## Given records

(* Let $A[1..n]$ be an array with entries from an alphabet $\Sigma$. One can construct a data structure occupying $O(n\lg|\Sigma|)$ bits that answers in constant time the query $\mathrm{rank}(k)$ = the number of indices $i\le k$ with $A[i]=A[k]$, for any $1\le k\le n$.
   Context: Model: word RAM with words of $\Theta(\lg n)$ bits (at least $\lg n$ bits), unit-cost word operations. *)

theory Defs
  imports Complex_Main
begin

text \<open>The data structure is a read-only memory,
  a list of w-bit words; its space in bits is (number of words) * w.\<close>

datatype instr =
    IConst nat nat
  | IAdd nat nat nat
  | ISub nat nat nat
  | IMul nat nat nat
  | IDiv nat nat nat
  | IMod nat nat nat
  | IShl nat nat nat
  | IShr nat nat nat
  | IAnd nat nat nat
  | IOr nat nat nat
  | IXor nat nat nat
  | ILess nat nat nat
  | ILoad nat nat
  | IJz nat nat
  | IHalt

type_synonym state = "nat \<times> (nat \<Rightarrow> nat)"

definition wrap :: "nat \<Rightarrow> int \<Rightarrow> nat" where
  "wrap w x = nat (x mod 2 ^ w)"

fun exec_instr :: "nat \<Rightarrow> nat list \<Rightarrow> instr \<Rightarrow> state \<Rightarrow> state" where
  "exec_instr w m (IConst r v) (pc, R) = (pc + 1, R(r := v mod 2 ^ w))"
| "exec_instr w m (IAdd r a b) (pc, R) = (pc + 1, R(r := (R a + R b) mod 2 ^ w))"
| "exec_instr w m (ISub r a b) (pc, R) = (pc + 1, R(r := wrap w (int (R a) - int (R b))))"
| "exec_instr w m (IMul r a b) (pc, R) = (pc + 1, R(r := (R a * R b) mod 2 ^ w))"
| "exec_instr w m (IDiv r a b) (pc, R) = (pc + 1, R(r := R a div R b))"
| "exec_instr w m (IMod r a b) (pc, R) = (pc + 1, R(r := R a mod R b))"
| "exec_instr w m (IShl r a b) (pc, R) = (pc + 1, R(r := (R a * 2 ^ R b) mod 2 ^ w))"
| "exec_instr w m (IShr r a b) (pc, R) = (pc + 1, R(r := R a div 2 ^ R b))"
| "exec_instr w m (IAnd r a b) (pc, R) = (pc + 1, R(r := and (R a) (R b)))"
| "exec_instr w m (IOr r a b) (pc, R) = (pc + 1, R(r := or (R a) (R b)))"
| "exec_instr w m (IXor r a b) (pc, R) = (pc + 1, R(r := xor (R a) (R b)))"
| "exec_instr w m (ILess r a b) (pc, R) = (pc + 1, R(r := (if R a < R b then 1 else 0)))"
| "exec_instr w m (ILoad r a) (pc, R) = (pc + 1, R(r := (if R a < length m then m ! R a else 0)))"
| "exec_instr w m (IJz r t) (pc, R) = ((if R r = 0 then t else pc + 1), R)"
| "exec_instr w m IHalt s = s"
(* Consider DTR with heuristic $h_{e^*}$ during the backward pass of the linear feedforward network (as in the context). Suppose that, to compute all of the gradients associated with an evicted path of $L_k$ forward tensors (a maximal run of consecutive non-resident forward tensors, the resident forward tensor preceding it remaining in memory until banished), DTR has $2+k$ units of free memory. Then the number of (re)computations needed to compute all these gradients is $\mathcal{O}\!\left(L_k + \frac{L_k^2}{k^2}\log k\right)$.
   Context: Linear feedforward network: tensors $t_0, \dots, t_N$ and gradient tensors $\hat t_1, \dots, \hat t_N$; $t_0$ is always resident and free. $t_i = f_i(t_{i-1})$ for $1\le i\le N$; $\hat t_N = \hat f_N(t_{N-1})$, $\hat t_i = \hat f_i(t_{i-1}, \hat t_{i+1})$ for $2 \le i \le N-1$, $\hat t_1 = \hat f_1(\hat t_2)$. Unit memory per tensor, unit cost per operator. The program computes $t_1,\dots,t_N$ then $\hat t_N,\dots,\hat t_1$. The gradients associated with forward tensors $t_{a+1},\dots,t_{b}$ are the gradients $\hat t_i$ whose computation requires these forward tensors as input. DTR executes operations online in order; evicted inputs are rematerialized by recursively re-executing producing operations; inputs of an operation being (re)performed are locked; when memory is full DTR evicts an evictable resident tensor with minimal heuristic score. A tensor is live while some pending program operation uses it; once not live and all tensors directly computed from it are resident or banished, it is banished (permanently freed) and its children become unevictable. Heuristic $h_{e^*}(t) = |e^*(t)|$, where $e^*(t)$ is the set of currently evicted (computed, not banished) tensors reachable from $t$ backwards or forwards along dependency edges through evicted tensors only; not-yet-computed tensors are not considered. *)

theory Defs
  imports Complex_Main
begin

text \<open>
Isolated model of the backward pass over one evicted path.
Forward tensors of the path are numbered 1..L (x_i stands for t_(a+i));
x_0 stands for the resident tensor t_a preceding the path: it is always
resident, never evictable and not charged to the memory budget.
Gradient g_j (j = L down to 1) stands for the gradient hat t_(a+j+1); it is
computed from x_j and g_(j+1).  g_(L+1) is resident at the start.
Memory budget for path tensors and gradients: 2 + k units.
While gradient g_j is being computed, x_(j+1),...,x_L are banished and
exactly one gradient (g_(j+1)) occupies memory; gradients are unevictable
(their parents are banished).  R is the set of resident path tensors.
\<close>

definition evicted :: "nat \<Rightarrow> nat set \<Rightarrow> nat set" where
  "evicted j R = {i. 1 \<le> i \<and> i \<le> j \<and> i \<notin> R}"

text \<open>Heuristic h_{e*}: number of evicted tensors reachable from t through
evicted tensors only (on the chain; gradients are never evicted).\<close>
definition escore :: "nat \<Rightarrow> nat set \<Rightarrow> nat \<Rightarrow> nat" where
  "escore j R t = card {i \<in> evicted j R.
      (i < t \<and> {i..<t} \<subseteq> evicted j R) \<or> (t < i \<and> {t<..i} \<subseteq> evicted j R)}"

definition evict_step :: "nat \<Rightarrow> nat \<Rightarrow> nat set \<Rightarrow> nat set \<Rightarrow> bool" where
  "evict_step j lock R R' \<longleftrightarrow>
     (\<exists>t. t \<in> R \<and> t \<noteq> lock \<and>
          (\<forall>u\<in>R. u \<noteq> lock \<longrightarrow> escore j R t \<le> escore j R u) \<and>
          R' = R - {t})"

text \<open>Make room for one new tensor: memory in use is 1 (gradient g_(j+1))
plus card R; evict while 1 + card R + 1 > 2 + k.\<close>
inductive alloc :: "nat \<Rightarrow> nat \<Rightarrow> nat \<Rightarrow> nat set \<Rightarrow> nat set \<Rightarrow> bool" where
  alloc_done: "card R \<le> k \<Longrightarrow> alloc k j lock R R"
| alloc_evict: "card R > k \<Longrightarrow> evict_step j lock R R1 \<Longrightarrow> alloc k j lock R1 R2
                 \<Longrightarrow> alloc k j lock R R2"

text \<open>Rematerialization of x_i (recursively), with cost = number of
operator executions.  The input x_(i-1) is locked while x_i is computed.\<close>
inductive mat :: "nat \<Rightarrow> nat \<Rightarrow> nat \<Rightarrow> nat set \<Rightarrow> nat set \<Rightarrow> nat \<Rightarrow> bool" where
  mat_res: "i = 0 \<or> i \<in> R \<Longrightarrow> mat k j i R R 0"
| mat_comp: "1 \<le> i \<Longrightarrow> i \<notin> R \<Longrightarrow> mat k j (i - 1) R R1 c \<Longrightarrow>
              alloc k j (i - 1) R1 R2 \<Longrightarrow> mat k j i R (insert i R2) (Suc c)"

text \<open>Computing gradient g_j: materialize x_j, allocate g_j (x_j locked),
compute g_j, then g_(j+1) and x_j are banished.\<close>
inductive grad_step :: "nat \<Rightarrow> nat \<Rightarrow> nat set \<Rightarrow> nat set \<Rightarrow> nat \<Rightarrow> bool" where
  "mat k j j R R1 c \<Longrightarrow> alloc k j j R1 R2 \<Longrightarrow> grad_step k j R (R2 - {j}) (Suc c)"

inductive dtr_run :: "nat \<Rightarrow> nat \<Rightarrow> nat set \<Rightarrow> nat \<Rightarrow> bool" where
  run_done: "dtr_run k 0 R 0"
| run_step: "1 \<le> j \<Longrightarrow> grad_step k j R R1 c1 \<Longrightarrow> dtr_run k (j - 1) R1 c2
              \<Longrightarrow> dtr_run k j R (c1 + c2)"

end

theory Submission
  imports Defs
begin

text \<open>Rematerializing \<open>x\<^sub>j\<close> from the highest resident tensor \<open>x\<^sub>r\<close> costs \<open>u + 1\<close> with \<open>u = j - r\<close>.
  Meanwhile \<open>h\<^sub>e\<^sub>*\<close> evicts a tensor whose two adjacent evicted runs are shortest. The old resident
  tensors are never evicted, and averaging over the \<open>m\<close> memory units available shows that the
  new evicted runs have length \<open>O(u / m)\<close>. Hence a potential \<open>\<Sum> w(\<sigma>) gap\<^sup>2 + 2 max - card\<close>,
  with weights \<open>w(\<sigma>) = min 1 (40 / \<sigma>)\<close> for the \<open>\<sigma>\<close>-th memory slot from the top, drops by at
  least the cost of every gradient step. After the first gradient, computed from an empty memory,
  all runs have length \<open>O(L / k)\<close>, so the potential is
  \<open>O(L + (L / k)\<^sup>2 \<Sum>\<^sub>\<sigma>\<^sub>\<le>\<^sub>k\<^sub>+\<^sub>1 w(\<sigma>)) = O(L + L\<^sup>2 / k\<^sup>2 log k)\<close>.\<close>

section \<open>Gaps of a resident set\<close>

text \<open>A set \<open>S\<close> of positive naturals is the set of resident path tensors, with position \<open>0\<close> the
  always resident tensor preceding the path. \<open>gap S x\<close> is the length of the evicted run just below
  \<open>x\<close>, and \<open>gap_score S t\<close> is the heuristic \<open>h\<^sub>e\<^sub>*\<close> of \<open>t\<close> (lemma \<open>escore_eq_gap_score\<close>).\<close>

definition pred_in :: "nat set \<Rightarrow> nat \<Rightarrow> nat" where
  "pred_in S x = Max (insert 0 {y\<in>S. y < x})"

definition succ_in :: "nat set \<Rightarrow> nat \<Rightarrow> nat" where
  "succ_in S x = Min {y\<in>S. x < y}"

definition gap :: "nat set \<Rightarrow> nat \<Rightarrow> nat" where
  "gap S x = x - pred_in S x - 1"

definition gap_score :: "nat set \<Rightarrow> nat \<Rightarrow> nat" where
  "gap_score S t = gap S t + gap S (succ_in S t)"

lemma pred_in_ge: "finite S \<Longrightarrow> y \<in> S \<Longrightarrow> y < x \<Longrightarrow> y \<le> pred_in S x"
  unfolding pred_in_def by (rule Max_ge) auto

lemma pred_in_cases: "finite S \<Longrightarrow> pred_in S x = 0 \<or> (pred_in S x \<in> S \<and> pred_in S x < x)"
  using Max_in[of "insert 0 {y\<in>S. y < x}"] unfolding pred_in_def by auto

lemma pred_in_less: "finite S \<Longrightarrow> 0 < x \<Longrightarrow> pred_in S x < x"
  using pred_in_cases by force

lemma pred_in_eqI:
  assumes "finite S" "p = 0 \<or> p \<in> S" "p < x" "\<And>y. y \<in> S \<Longrightarrow> y < x \<Longrightarrow> y \<le> p"
  shows "pred_in S x = p"
  unfolding pred_in_def by (rule Max_eqI) (use assms in auto)

lemma pred_in_cong: "{y\<in>S. y < x} = {y\<in>T. y < x} \<Longrightarrow> pred_in S x = pred_in T x"
  unfolding pred_in_def by simp

lemma not_in_between_pred_in: "finite S \<Longrightarrow> pred_in S x < y \<Longrightarrow> y < x \<Longrightarrow> y \<notin> S"
  using pred_in_ge by force

lemma
  assumes "finite S" "y \<in> S" "t < y"
  shows succ_in_mem: "succ_in S t \<in> S"
    and less_succ_in: "t < succ_in S t"
    and succ_in_le: "succ_in S t \<le> y"
proof -
  have "succ_in S t \<in> {z\<in>S. t < z}"
    unfolding succ_in_def using assms by (intro Min_in) auto
  then show "succ_in S t \<in> S" "t < succ_in S t" by simp_all
  show "succ_in S t \<le> y"
    unfolding succ_in_def using assms by (intro Min_le) auto
qed

lemmas succ_in_bounds = succ_in_mem less_succ_in succ_in_le

lemma succ_in_eqI:
  assumes "finite S" "s \<in> S" "t < s" "\<And>y. y \<in> S \<Longrightarrow> t < y \<Longrightarrow> s \<le> y"
  shows "succ_in S t = s"
  unfolding succ_in_def by (rule Min_eqI) (use assms in auto)

lemma not_in_between_succ_in:
  "finite S \<Longrightarrow> y \<in> S \<Longrightarrow> t < z \<Longrightarrow> z < succ_in S t \<Longrightarrow> z \<notin> S"
  using succ_in_le by force

lemma pred_in_succ_in:
  assumes "finite S" "t \<in> S" "y \<in> S" "t < y"
  shows "pred_in S (succ_in S t) = t"
proof (rule pred_in_eqI)
  show "finite S" "t = 0 \<or> t \<in> S" "t < succ_in S t"
    using assms less_succ_in[OF assms(1,3,4)] by auto
  fix z assume "z \<in> S" "z < succ_in S t"
  then show "z \<le> t" using not_in_between_succ_in[OF assms(1,3), of t z] by force
qed

lemma succ_in_pred_in:
  assumes "finite S" "x \<in> S" "pred_in S x \<in> S" "0 < x"
  shows "succ_in S (pred_in S x) = x"
proof (rule succ_in_eqI)
  show "finite S" "x \<in> S" "pred_in S x < x" using assms pred_in_less by auto
  fix y assume "y \<in> S" "pred_in S x < y"
  then show "x \<le> y" using not_in_between_pred_in[OF assms(1), of x y] by force
qed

## Instructions for the task
In the listing above, find the line containing "nat list \<Rightarrow>" and the line containing "w m (IAdd r". Output them and every line between, exactly, and nothing else.

## Expected answer
fun exec_instr :: "nat \<Rightarrow> nat list \<Rightarrow> instr \<Rightarrow> state \<Rightarrow> state" where
  "exec_instr w m (IConst r v) (pc, R) = (pc + 1, R(r := v mod 2 ^ w))"
| "exec_instr w m (IAdd r a b) (pc, R) = (pc + 1, R(r := (R a + R b) mod 2 ^ w))"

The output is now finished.